Logue recorded his first impression of the Duke as ‘a slim, quiet man, with tired eyes and all the outward symptoms of the man upon whom habitual speech defect had begun to set the sign. When he left at five o’clock, you could see that there was hope once more in his heart.’22 In the next few weeks the Duke went many times to Logue, often with the Duchess, and the Australian’s treatment had a superb effect upon his self-confidence; his fear of the trip diminished.
The Duchess’s dread of it, by contrast, grew, as she contemplated parting from her baby. ‘She is growing so big and is as sharp as a needle, & so well.
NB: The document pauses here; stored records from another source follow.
text \<open>This is where (P2) enters: an edge passing strictly over w is not ordered between an
  incoming and an outgoing edge of w.\<close>
lemma passing_edge_side_in_out:
  assumes "a \<in> In w" "c \<in> Out w" "x \<in> E" "level (tgt x) < level w" "level w < level (src x)"
  shows "rank a < rank x \<longleftrightarrow> rank c < rank x"
proof -
  have a: "a \<in> E" "tgt a = w" and c: "c \<in> E" "src c = w" using assms In_iff Out_iff by auto
  have "a \<noteq> c" using src_ne_tgt a c by metis
  then have "reach a c" using reach_consecutive a c by auto
  then have ac: "rank a < rank c" using reach_imp_prec rank_strict_mono by blast
  have "x \<noteq> a" "x \<noteq> c" using assms a c by auto
  then have "rank x \<noteq> rank a" "rank x \<noteq> rank c" using rank_inj a c assms(3) by metis+
  have "\<not> (rank a < rank x \<and> rank x < rank c)"
  proof
    assume "rank a < rank x \<and> rank x < rank c"
    then have "a \<sqsubset> x" "x \<sqsubset> c" using prec_iff_rank_less a c assms(3) by auto
    then have "reach a x \<or> reach x c" using prec_between_reach \<open>reach a c\<close> by blast
    then show False
    proof
      assume "reach a x" then have "level (src x) \<le> level (tgt a)" by (rule reach_level)
      then show False using a assms by auto
    next
      assume "reach x c" then have "level (src c) \<le> level (tgt x)" by (rule reach_level)
      then show False using c assms by auto
    qed
  qed
  then show ?thesis using ac \<open>rank x \<noteq> rank c\<close> by auto
qed

lemma passing_edge_side:
  assumes "internal w" "x \<in> E" "level (tgt x) < level w" "level w < level (src x)"
    "f \<in> E" "src f = w \<or> tgt f = w" "g \<in> E" "src g = w \<or> tgt g = w"
  shows "rank f < rank x \<longleftrightarrow> rank g < rank x"
proof -
  obtain a0 c0 where a0: "a0 \<in> In w" and c0: "c0 \<in> Out w" using assms(1) internal_iff by blast
  have key: "rank h < rank x \<longleftrightarrow> rank a0 < rank x" if "h \<in> E" "src h = w \<or> tgt h = w" for h
  proof (cases "src h = w")
    case True
    then have "h \<in> Out w" using that Out_iff by auto
    then show ?thesis using passing_edge_side_in_out[OF a0 _ assms(2-4)] by auto
  next
    case False
    then have "h \<in> In w" using that In_iff by auto
    then show ?thesis
      using passing_edge_side_in_out[OF _ c0 assms(2-4)]
        passing_edge_side_in_out[OF a0 c0 assms(2-4)] by auto
  qed
  show ?thesis using key[OF assms(5,6)] key[OF assms(7,8)] by auto
qed

text \<open>The abscissa of e at height y. Each \<open>max\<close> term is a linear bend within height 1/3 of an
  endpoint; it vanishes at a boundary endpoint, whose column is \<open>rank e\<close>.\<close>
definition edge_x :: "'e \<Rightarrow> real \<Rightarrow> real" where
  "edge_x e y = real (rank e)
     + (real (column (src e)) - real (rank e)) * max 0 (3 * (y - real (level (src e))) + 1)
     + (real (column (tgt e)) - real (rank e)) * max 0 (3 * (real (level (tgt e)) - y) + 1)"

lemma edge_x_straight:
  assumes "e \<in> E" "real (level (tgt e)) \<le> y" "y \<le> real (level (src e))"
    "internal (src e) \<Longrightarrow> y \<le> real (level (src e)) - 1/3"
    "internal (tgt e) \<Longrightarrow> real (level (tgt e)) + 1/3 \<le> y"
  shows "edge_x e y = real (rank e)"
proof -
  have 1: "(real (column (src e)) - real (rank e)) * max 0 (3 * (y - real (level (src e))) + 1) = 0"
    using assms non_internal_src[OF assms(1)] by (cases "internal (src e)") auto
  have 2: "(real (column (tgt e)) - real (rank e)) * max 0 (3 * (real (level (tgt e)) - y) + 1) = 0"
    using assms non_internal_tgt[OF assms(1)] by (cases "internal (tgt e)") auto
  show ?thesis unfolding edge_x_def 1 2 by simp
qed

lemma edge_x_near_tgt:
  assumes "e \<in> E" "real (level (tgt e)) \<le> y" "y \<le> real (level (tgt e)) + 1/3"
  shows "edge_x e y =
    real (rank e) + (real (column (tgt e)) - real (rank e)) * (3 * (real (level (tgt e)) - y) + 1)"
proof -
  have "real (level (tgt e)) + 1 \<le> real (level (src e))" using level_tgt_plus_one_le_src assms
    by auto
  then have 1: "max 0 (3 * (y - real (level (src e))) + 1) = 0" using assms by auto
  have 2: "max 0 (3 * (real (level (tgt e)) - y) + 1) = 3 * (real (level (tgt e)) - y) + 1"
    using assms by auto
  show ?thesis unfolding edge_x_def 1 2 by simp
qed

lemma edge_x_near_src:
  assumes "e \<in> E" "real (level (src e)) - 1/3 \<le> y" "y \<le> real (level (src e))"
  shows "edge_x e y =
    real (rank e) + (real (column (src e)) - real (rank e)) * (3 * (y - real (level (src e))) + 1)"
proof -
  have "real (level (tgt e)) + 1 \<le> real (level (src e))" using level_tgt_plus_one_le_src assms
    by auto
  then have 1: "max 0 (3 * (real (level (tgt e)) - y) + 1) = 0" using assms by auto
  have 2: "max 0 (3 * (y - real (level (src e))) + 1) = 3 * (y - real (level (src e))) + 1"
    using assms by auto
  show ?thesis unfolding edge_x_def 1 2 by simp
qed

lemma edge_x_at_src: "e \<in> E \<Longrightarrow> edge_x e (real (level (src e))) = real (column (src e))"
  using edge_x_near_src[of e "real (level (src e))"] by simp

lemma edge_x_at_tgt: "e \<in> E \<Longrightarrow> edge_x e (real (level (tgt e))) = real (column (tgt e))"
  using edge_x_near_tgt[of e "real (level (tgt e))"] by simp

lemma edge_x_bounds:
  assumes "e \<in> E" "real (level (tgt e)) \<le> y" "y \<le> real (level (src e))"
  shows "0 \<le> edge_x e y" "edge_x e y \<le> real (card E) - 1"
proof -
  have b1: "real (rank e) \<le> real (card E) - 1" using rank_less_card[OF assms(1)] by linarith
  have b2: "real (column (src e)) \<le> real (card E) - 1"
    using column_less_card[OF src_in_V[OF assms(1)]] by linarith
  have b3: "real (column (tgt e)) \<le> real (card E) - 1"
    using column_less_card[OF tgt_in_V[OF assms(1)]] by linarith
  have "0 \<le> edge_x e y \<and> edge_x e y \<le> real (card E) - 1"
  proof (cases "y \<le> real (level (tgt e)) + 1/3")
    case True
    have l: "0 \<le> 3 * (real (level (tgt e)) - y) + 1" "3 * (real (level (tgt e)) - y) + 1 \<le> 1"
      using True assms by auto
    show ?thesis unfolding edge_x_near_tgt[OF assms(1,2) True]
      using convex_comb_between[OF l, of 0 "real (rank e)" "real (card E) - 1" "real (column (tgt e))"]
        b1 b3 by simp
  next
    case False
    show ?thesis
    proof (cases "real (level (src e)) - 1/3 \<le> y")
      case True
      have l: "0 \<le> 3 * (y - real (level (src e))) + 1" "3 * (y - real (level (src e))) + 1 \<le> 1"
        using True assms by auto
      show ?thesis unfolding edge_x_near_src[OF assms(1) True assms(3)]
        using convex_comb_between[OF l, of 0 "real (rank e)" "real (card E) - 1"
            "real (column (src e))"] b1 b2 by simp
    next
      case False2: False
      have "edge_x e y = real (rank e)" unfolding edge_x_def using False False2 by auto
      then show ?thesis using b1 by auto
    qed
  qed
  then show "0 \<le> edge_x e y" "edge_x e y \<le> real (card E) - 1" by auto
qed

lemma edge_x_near_incident:
  assumes "\<bar>y - real (level w)\<bar> < 1/3" "y \<noteq> real (level w)"
    "e \<in> E" "real (level (tgt e)) \<le> y" "y \<le> real (level (src e))" "src e = w \<or> tgt e = w"
  shows "edge_x e y =
    real (rank e) + (real (column w) - real (rank e)) * (1 - 3 * \<bar>y - real (level w)\<bar>)"
proof (cases "tgt e = w")
  case True
  then have "real (level w) < y" "y \<le> real (level (tgt e)) + 1/3" using assms by auto
  then show ?thesis using edge_x_near_tgt[OF assms(3,4)] True by (simp add: algebra_simps)
next
  case False
  then have "src e = w" using assms(6) by blast
  then have "y < real (level w)" "real (level (src e)) - 1/3 \<le> y" using assms by auto
  then show ?thesis using edge_x_near_src[OF assms(3) _ assms(5)] \<open>src e = w\<close>
    by (simp add: algebra_simps)
qed

lemma edge_x_passing_internal:
  assumes "internal w" "\<bar>y - real (level w)\<bar> < 1/3"
    "e \<in> E" "real (level (tgt e)) \<le> y" "y \<le> real (level (src e))" "src e \<noteq> w" "tgt e \<noteq> w"
  shows "edge_x e y = real (rank e)" "level (tgt e) < level w" "level w < level (src e)"
proof -
  have "1 \<le> \<bar>real (level (src e)) - real (level w)\<bar>" "1 \<le> \<bar>real (level (tgt e)) - real (level w)\<bar>"
    using level_separated[OF assms(1)] src_in_V tgt_in_V assms(3,6,7) by auto
  then have src: "real (level w) + 1 \<le> real (level (src e))"
    and tgt: "real (level (tgt e)) + 1 \<le> real (level w)"
    using assms(2,4,5) by (auto simp: abs_if split: if_splits)
  then show "level (tgt e) < level w" "level w < level (src e)" by simp_all
  have "y \<le> real (level (src e)) - 1/3" "real (level (tgt e)) + 1/3 \<le> y"
    using src tgt assms(2) by arith+
  then show "edge_x e y = real (rank e)" using edge_x_straight[OF assms(3,4,5)] by blast
qed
She sleeps beautifully and has always got a smile ready.’23 As the day of departure, 6 January 1927, loomed she became ‘more and more miserable’.24 That morning, when the nanny brought the baby Princess down to say goodbye, the Duchess was emotional and so she ‘drank some champagne and tried not to weep’.25
The trip – the first time the Duke had been asked by his father to represent him on an imperial mission – was gruelling and long but the young cou
ple learned a lot and the voyage was a personal success for both of them. They were impressed by the apparent strength of the Empire and the loyalty of its citizens to the Crown. Their travels gave the Duke confidence in his ability to confront the world and it showed the Duchess that she could support her husband in his public as well as his private life, abroad as well as at home. On their return to Britain, the Duke and Duchess, with Princess Elizabeth in her mother’s arms, appeared on the balcony at Buckingham Palace, cheered by ecstatic crowds in the Mall. The Times reported, ‘Twice the Duchess, her face radiant with smiles, brought the Princess forward.’
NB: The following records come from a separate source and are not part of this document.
(* Let $n\ge3$, $k\ge2$ and $-(n-2)<q<0$. Then the operator \[ T_0=\frac{d^2}{ds^2}+(n-2)\frac{\dot\phi(s)}{\phi(s)}\frac{d}{ds}+\frac{n(n-1)}{\phi(s)^{2n-2}} \] is an isomorphism (bounded, bijective, with bounded inverse) from $\mathscr{C}^k_q(\mathbb{R})$ onto $\mathscr{C}^{k-2}_q(\mathbb{R})$.
   Context: $\phi(s)=(\cosh((n-1)s))^{1/(n-1)}$ and $\dot\phi=d\phi/ds$. For an integer $k\ge0$ and $q\in\mathbb{R}$, $\mathscr{C}^k_q(\mathbb{R})$ is the Banach space of $C^k$ functions $f:\mathbb{R}\to\mathbb{R}$ with finite norm $\|f\|_{\mathscr{C}^k_q}=\sum_{a=0}^k\sup_{s\in\mathbb{R}}|f^{(a)}(s)|\,\phi(s)^{-q}$. *)

theory Defs
  imports "HOL-Analysis.Analysis"
begin

definition phi :: "nat \<Rightarrow> real \<Rightarrow> real" where
  "phi n s = (cosh (real (n - 1) * s)) powr (1 / real (n - 1))"

definition Ck :: "nat \<Rightarrow> (real \<Rightarrow> real) \<Rightarrow> bool" where
  "Ck k f \<longleftrightarrow> (\<forall>a<k. (deriv ^^ a) f differentiable_on UNIV)
                \<and> continuous_on UNIV ((deriv ^^ k) f)"

definition Cspace :: "nat \<Rightarrow> nat \<Rightarrow> real \<Rightarrow> (real \<Rightarrow> real) set" where
  "Cspace n k q = {f. Ck k f \<and>
     (\<forall>a\<le>k. bdd_above (range (\<lambda>s. \<bar>(deriv ^^ a) f s\<bar> * phi n s powr (-q))))}"

definition Cnorm :: "nat \<Rightarrow> nat \<Rightarrow> real \<Rightarrow> (real \<Rightarrow> real) \<Rightarrow> real" where
  "Cnorm n k q f = (\<Sum>a\<le>k. (SUP s. \<bar>(deriv ^^ a) f s\<bar> * phi n s powr (-q)))"

definition T0 :: "nat \<Rightarrow> (real \<Rightarrow> real) \<Rightarrow> real \<Rightarrow> real" where
  "T0 n f s = (deriv ^^ 2) f s
      + real (n - 2) * (deriv (phi n) s / phi n s) * deriv f s
      + real n * real (n - 1) / phi n s ^ (2 * n - 2) * f s"

end

theory Submission
  imports Defs "HOL-Computational_Algebra.Polynomial"
begin

text \<open>Write \<open>m = n - 1\<close> and \<open>\<tau>(s) = tanh (m s)\<close>. Since \<open>\<phi>'/\<phi> = \<tau>\<close> and
  \<open>n (n - 1) / \<phi>\<^sup>2\<^sup>n\<^sup>-\<^sup>2 = m (m + 1) (1 - \<tau>\<^sup>2)\<close>, the operator is
  \<open>T\<^sub>0 u = u'' + (m - 1) \<tau> u' + m (m + 1) (1 - \<tau>\<^sup>2) u\<close>. With \<open>Q = \<phi>\<^sup>-\<^sup>(\<^sup>n\<^sup>-\<^sup>2\<^sup>)\<close> and
  \<open>R(s) = \<integral>\<^sub>s\<^sup>\<infinity> Q\<close>, the function \<open>h = - \<tau> R - Q\<close> solves \<open>T\<^sub>0 h = 0\<close>; it decays like
  \<open>e\<^sup>-\<^sup>(\<^sup>m\<^sup>-\<^sup>1\<^sup>)\<^sup>s\<close> at \<open>+\<infinity>\<close> and is bounded at \<open>-\<infinity>\<close>, and \<open>\<phi>\<^sup>n\<^sup>-\<^sup>2\<close> times its Wronskian with
  \<open>h(-s)\<close> is a positive constant. Variation of constants with \<open>h(s)\<close> and \<open>h(-s)\<close> gives an explicit
  right inverse, and because \<open>0 < -q < m - 1\<close> it maps data of size \<open>e\<^sup>q\<^sup>|\<^sup>s\<^sup>|\<close> to a solution
  whose value and first derivative are of size \<open>e\<^sup>q\<^sup>|\<^sup>s\<^sup>|\<close>. All higher derivatives are handled by
  differentiating the equation: they are combinations of lower derivatives and of derivatives of
  the data, with coefficients that are polynomials in the bounded function \<open>\<tau>\<close>; the same
  calculus bounds \<open>T\<^sub>0\<close> itself. For injectivity, a homogeneous solution vanishing at
  \<open>\<plusminus>\<infinity>\<close> has constant weighted Wronskians with \<open>h(s)\<close> and \<open>h(-s)\<close>; letting
  \<open>s \<rightarrow> \<plusminus>\<infinity>\<close> shows both are zero, and then the solution is zero.\<close>

definition tau :: "real \<Rightarrow> real \<Rightarrow> real" where
  "tau m x = tanh (m * x)"

text \<open>For \<open>m = n - 1\<close> these are \<open>\<phi>\<^sup>n\<^sup>-\<^sup>2\<close> and \<open>\<phi>\<^sup>-\<^sup>(\<^sup>n\<^sup>-\<^sup>2\<^sup>)\<close>; the former is the integrating
  factor of \<open>T\<^sub>0\<close>.\<close>
definition cosh_pow :: "real \<Rightarrow> real \<Rightarrow> real" where
  "cosh_pow m x = cosh (m * x) powr ((m - 1) / m)"

definition sech_pow :: "real \<Rightarrow> real \<Rightarrow> real" where
  "sech_pow m x = cosh (m * x) powr (- ((m - 1) / m))"

lemma has_real_derivative_tau: "(tau m has_real_derivative m * (1 - tau m x ^ 2)) (at x)"
  unfolding tau_def by (auto intro!: derivative_eq_intros)

lemma has_real_derivative_cosh_powr:
  "((\<lambda>x. cosh (m * x) powr r) has_real_derivative r * m * tau m x * cosh (m * x) powr r) (at x)"
proof -
  have "((\<lambda>x. cosh (m * x) powr r) has_real_derivative
          r * cosh (m * x) powr (r - of_nat 1) * (sinh (m * x) * m)) (at x)"
    by (rule DERIV_fun_powr) (auto intro!: derivative_eq_intros)
  moreover have "r * cosh (m * x) powr (r - of_nat 1) * (sinh (m * x) * m)
      = r * m * tau m x * cosh (m * x) powr r"
    by (simp add: powr_diff tau_def tanh_def field_simps)
  ultimately show ?thesis by (metis DERIV_cong)
qed

lemma has_real_derivative_cosh_pow:
  "(cosh_pow m has_real_derivative (m - 1) * tau m x * cosh_pow m x) (at x)"
  unfolding cosh_pow_def
  by (rule DERIV_cong[OF has_real_derivative_cosh_powr]) (cases "m = 0"; simp add: tau_def)

lemma has_real_derivative_sech_pow:
  "(sech_pow m has_real_derivative - (m - 1) * tau m x * sech_pow m x) (at x)"
  unfolding sech_pow_def
  by (rule DERIV_cong[OF has_real_derivative_cosh_powr]) (cases "m = 0"; simp add: tau_def)

lemma continuous_on_tau: "continuous_on UNIV (tau m)"
  by (meson DERIV_continuous has_real_derivative_tau continuous_at_imp_continuous_on)

lemma continuous_on_cosh_pow: "continuous_on UNIV (cosh_pow m)"
  by (meson DERIV_continuous has_real_derivative_cosh_pow continuous_at_imp_continuous_on)

lemma continuous_on_sech_pow: "continuous_on UNIV (sech_pow m)"
  by (meson DERIV_continuous has_real_derivative_sech_pow continuous_at_imp_continuous_on)

lemma cosh_pow_mult_sech_pow: "cosh_pow m x * sech_pow m x = 1"
  unfolding cosh_pow_def sech_pow_def by (simp add: powr_minus field_simps)

lemma tau_minus [simp]: "tau m (- x) = - tau m x"
  unfolding tau_def by simp

lemma cosh_pow_minus [simp]: "cosh_pow m (- x) = cosh_pow m x"
  unfolding cosh_pow_def by simp

lemma sech_pow_minus [simp]: "sech_pow m (- x) = sech_pow m x"
  unfolding sech_pow_def by simp

lemma abs_tau_le_1: "\<bar>tau m x\<bar> \<le> 1"
  unfolding tau_def using tanh_real_bounds[of "m * x"] by auto

lemma tau_square_le_1: "tau m x ^ 2 \<le> 1"
  using abs_tau_le_1[of m x] by (simp add: abs_square_le_1)

lemma cosh_pow_pos: "cosh_pow m x > 0"
  unfolding cosh_pow_def by simp

lemma sech_pow_pos: "sech_pow m x > 0"
  unfolding sech_pow_def by simp

lemma exp_abs_le_2_cosh: "exp \<bar>x\<bar> \<le> 2 * cosh (x :: real)"
  unfolding cosh_def by (cases "x \<ge> 0") auto

lemma cosh_le_exp_abs: "cosh (x :: real) \<le> exp \<bar>x\<bar>"
  unfolding cosh_def by (cases "x \<ge> 0") auto

lemma cosh_powr_le_exp:
  fixes m r x :: real
  assumes "m > 0" "r \<ge> 0"
  shows "cosh (m * x) powr r \<le> exp (r * m * \<bar>x\<bar>)"
proof -
  have "cosh (m * x) powr r \<le> exp \<bar>m * x\<bar> powr r"
    using assms cosh_le_exp_abs[of "m * x"] by (intro powr_mono2) (auto intro: less_imp_le)
  also have "\<dots> = exp (r * m * \<bar>x\<bar>)"
    using assms by (simp add: exp_powr_real abs_mult)
  finally show ?thesis .
qed

lemma exp_le_cosh_powr:
  fixes m r x :: real
  assumes "m > 0" "r \<ge> 0" "r \<le> 1"
  shows "exp (r * m * \<bar>x\<bar>) / 2 \<le> cosh (m * x) powr r"
proof -
  have "exp (r * m * \<bar>x\<bar>) / 2 \<le> exp (r * m * \<bar>x\<bar>) / 2 powr r"
    using powr_mono[of r 1 2] assms by (intro divide_left_mono) auto
  also have "\<dots> = (exp \<bar>m * x\<bar> / 2) powr r"
    using assms by (simp add: powr_divide exp_powr_real abs_mult)
  also have "\<dots> \<le> cosh (m * x) powr r"
    using assms exp_abs_le_2_cosh[of "m * x"] by (intro powr_mono2) auto
  finally show ?thesis .
qed

lemma cosh_powr_neg_le_exp:
  fixes m r x :: real
  assumes "m > 0" "r \<ge> 0" "r \<le> 1"
  shows "cosh (m * x) powr (- r) \<le> 2 * exp (- (r * m * \<bar>x\<bar>))"
proof -
  have "cosh (m * x) powr (- r) = inverse (cosh (m * x) powr r)"
    by (simp add: powr_minus)
  also have "\<dots> \<le> inverse (exp (r * m * \<bar>x\<bar>) / 2)"
    using exp_le_cosh_powr[OF assms, of x] by (intro le_imp_inverse_le) auto
  also have "\<dots> = 2 * exp (- (r * m * \<bar>x\<bar>))"
    by (simp add: exp_minus field_simps)
  finally show ?thesis .
qed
Both families were delighted to have their children back after a successful tour, and the Duke and Duchess were overjoyed to be with their daughter once more. The Duke told Lionel Logue that he could now talk to his father without any problem. And the King wrote to Queen Mary saying how pleased he was to have his second son back. He had spoken to him several times and found him ‘most sensible, very different from David’.26 The Prince of Wales was charming and charismatic, but the King considered him to be so careless of his responsibilities that he would not allow him access to confidential information. The King was also dismayed that, unlike the Duke of York, the Prince of Wales had shown no signs of wanting to marry and start a family.
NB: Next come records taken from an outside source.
lemma CR_last_row_eigen:
  assumes m: "1 \<le> m"
    and C: "\<forall>i<m. C i \<in> carrier_mat p p"
    and B: "\<forall>j\<in>{1..n}. \<forall>k\<in>{1..mj j}. B j k \<in> carrier_mat p p"
    and Rv: "R_mat p m n a mj C B lam *\<^sub>v v = 0\<^sub>v p" and v: "v \<in> carrier_vec p" and r: "r < p"
  defines "b \<equiv> A_blocks n mj + (m - 1)"
  shows "(\<Sum>b'<N_blocks m n mj. CR_weight n a mj lam b' * (CR_block p m n a mj C B b b' *\<^sub>v v) $ r)
    = lam * CR_weight n a mj lam b * v $ r"
proof -
  have rearrange: "- Z + Y = X" if "X - Y + Z = 0" for X Y Z :: complex
    using that by (simp add: algebra_simps)
  have "(\<Sum>b'<N_blocks m n mj. CR_weight n a mj lam b' * (CR_block p m n a mj C B b b' *\<^sub>v v) $ r)
      = (\<Sum>j=1..n. \<Sum>k=1..mj j. - ((B j k *\<^sub>v v) $ r / (lam - a j) ^ k))
        + (\<Sum>i<m. lam ^ i * (C i *\<^sub>v v) $ r)"
    unfolding b_def N_blocks_def add.commute[of m] sum_lessThan_add
    using CR_last_row_A_part[OF v r] CR_last_row_companion_part[OF m] by simp
  also have "\<dots> = lam ^ m * v $ r"
    unfolding sum_negf
    by (rule rearrange) (use R_mat_mult_vec_index[OF C B v r, of a lam] Rv r in simp)
  also have "\<dots> = lam * CR_weight n a mj lam b * v $ r"
    using m by (cases m) (simp_all add: CR_weight_def b_def)
  finally show ?thesis .
qed

lemma CR_eigvec_nonzero:
  assumes m: "1 \<le> m" and v: "v \<in> carrier_vec p" "v \<noteq> 0\<^sub>v p"
  shows "CR_eigvec p m n a mj lam v \<noteq> 0\<^sub>v (p * N_blocks m n mj)"
proof -
  have "\<exists>r<p. v $ r \<noteq> 0"
  proof (rule ccontr)
    assume "\<not> (\<exists>r<p. v $ r \<noteq> 0)"
    then have "v = 0\<^sub>v p" using v(1) by (intro eq_vecI) auto
    with v(2) show False by simp
  qed
  then obtain r where r: "r < p" "v $ r \<noteq> 0" by blast
  have "r < p * m" using r m by (simp add: less_le_trans)
  then have idx: "p * A_blocks n mj + r < p * N_blocks m n mj"
    by (simp add: N_blocks_def distrib_left)
  then have "CR_eigvec p m n a mj lam v $ (p * A_blocks n mj + r) = v $ r"
    using r by (simp add: CR_eigvec_def CR_weight_def)
  then show ?thesis using r(2) idx by (metis index_zero_vec(1))
qed

lemma CR_mult_eigvec:
  assumes p: "0 < p" and m: "1 \<le> m"
    and C: "\<forall>i<m. C i \<in> carrier_mat p p"
    and B: "\<forall>j\<in>{1..n}. \<forall>k\<in>{1..mj j}. B j k \<in> carrier_mat p p"
    and lam: "lam \<notin> a ` {1..n}"
    and Rv: "R_mat p m n a mj C B lam *\<^sub>v v = 0\<^sub>v p" and v: "v \<in> carrier_vec p"
  defines "x \<equiv> CR_eigvec p m n a mj lam v"
  shows "CR p m n a mj C B *\<^sub>v x = lam \<cdot>\<^sub>v x"
proof (rule eq_vecI)
  show "dim_vec (CR p m n a mj C B *\<^sub>v x) = dim_vec (lam \<cdot>\<^sub>v x)"
    by (simp add: CR_def Let_def x_def CR_eigvec_def)
next
  fix i assume "i < dim_vec (lam \<cdot>\<^sub>v x)"
  then have i: "i < p * N_blocks m n mj" by (simp add: x_def CR_eigvec_def)
  define b where "b = i div p"
  have r: "i mod p < p" using p by simp
  have b: "b < N_blocks m n mj" using i p by (simp add: b_def less_mult_imp_div_less mult.commute)
  have "(CR p m n a mj C B *\<^sub>v x) $ i
      = (\<Sum>b'<N_blocks m n mj. CR_weight n a mj lam b' * (CR_block p m n a mj C B b b' *\<^sub>v v) $ (i mod p))"
    unfolding CR_def Let_def x_def CR_eigvec_def b_def
    by (rule mult_mat_vec_blockwise[OF p i v]) (rule CR_block_carrier[OF C B])
  also have "\<dots> = lam * CR_weight n a mj lam b * v $ (i mod p)"
  proof -
    consider "b < A_blocks n mj" | "A_blocks n mj \<le> b" "b + 1 < N_blocks m n mj"
      | "b = A_blocks n mj + (m - 1)"
      using b m unfolding N_blocks_def by linarith
    then show ?thesis
    proof cases
      case 1
      then show ?thesis by (rule CR_A_row_eigen[OF _ lam m v r])
    next
      case 2
      then show ?thesis by (rule CR_shift_row_eigen[OF _ _ v r])
    next
      case 3
      then show ?thesis using CR_last_row_eigen[OF m C B Rv v r] by simp
    qed
  qed
  also have "\<dots> = (lam \<cdot>\<^sub>v x) $ i" using i by (simp add: x_def CR_eigvec_def b_def)
  finally show "(CR p m n a mj C B *\<^sub>v x) $ i = (lam \<cdot>\<^sub>v x) $ i" .
qed

theorem theorem3p1:
  fixes p m n :: nat and a :: "nat \<Rightarrow> complex" and mj :: "nat \<Rightarrow> nat"
    and C :: "nat \<Rightarrow> complex mat" and B :: "nat \<Rightarrow> nat \<Rightarrow> complex mat"
    and lam0 :: complex
  assumes "p \<ge> 1" and "m \<ge> 1" and "n \<ge> 1"
    and "inj_on a {1..n}"
    and "\<forall>j\<in>{1..n}. mj j \<ge> 1"
    and "\<forall>i<m. C i \<in> carrier_mat p p"
    and "\<forall>j\<in>{1..n}. \<forall>k\<in>{1..mj j}. B j k \<in> carrier_mat p p"
    and "R_eigenvalue p m n a mj C B lam0"
  shows "eigenvalue (CR p m n a mj C B) lam0"
proof -
  obtain v where v: "v \<in> carrier_vec p" "v \<noteq> 0\<^sub>v p"
    and Rv: "R_mat p m n a mj C B lam0 *\<^sub>v v = 0\<^sub>v p" and lam: "lam0 \<notin> a ` {1..n}"
    using assms(8) unfolding R_eigenvalue_def by blast
  let ?x = "CR_eigvec p m n a mj lam0 v"
  have "?x \<in> carrier_vec (dim_row (CR p m n a mj C B))"
    by (simp add: CR_eigvec_def CR_def Let_def)
  moreover have "?x \<noteq> 0\<^sub>v (dim_row (CR p m n a mj C B))"
    using CR_eigvec_nonzero[OF assms(2) v] by (simp add: CR_def Let_def)
  moreover have "CR p m n a mj C B *\<^sub>v ?x = lam0 \<cdot>\<^sub>v ?x"
    using assms(1) by (intro CR_mult_eigvec[OF _ assms(2,6,7) lam Rv v(1)]) simp
  ultimately show ?thesis unfolding eigenvalue_def eigenvector_def by blast
qed

end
On 21 August 1930, the Yorks’ second daughter, whom they named Margaret Rose, was born at Glamis. The Duchess soon realized that she had a character very different from that of her elder sister. She wrote to Cosmo Lang, now Archbishop of Canterbury, ‘She has got large blue eyes and a will of iron, which is all the equipment that a lady needs!’27
Through the 1920s and early 1930s the international economic crisis became chronic. Business failures abounded and unemployment grew almost everywhere. As the Depression bit deeper, charities and other organizations needed more and more help with fundraising. The Duchess’s role in the life of the country grew ever more significant as she took on more and more charities, regiments and other public duties. She found it tragic that so many men would never work again and, calling herself an ‘anti-feminist’, she thought that women should give up jobs so that men could work.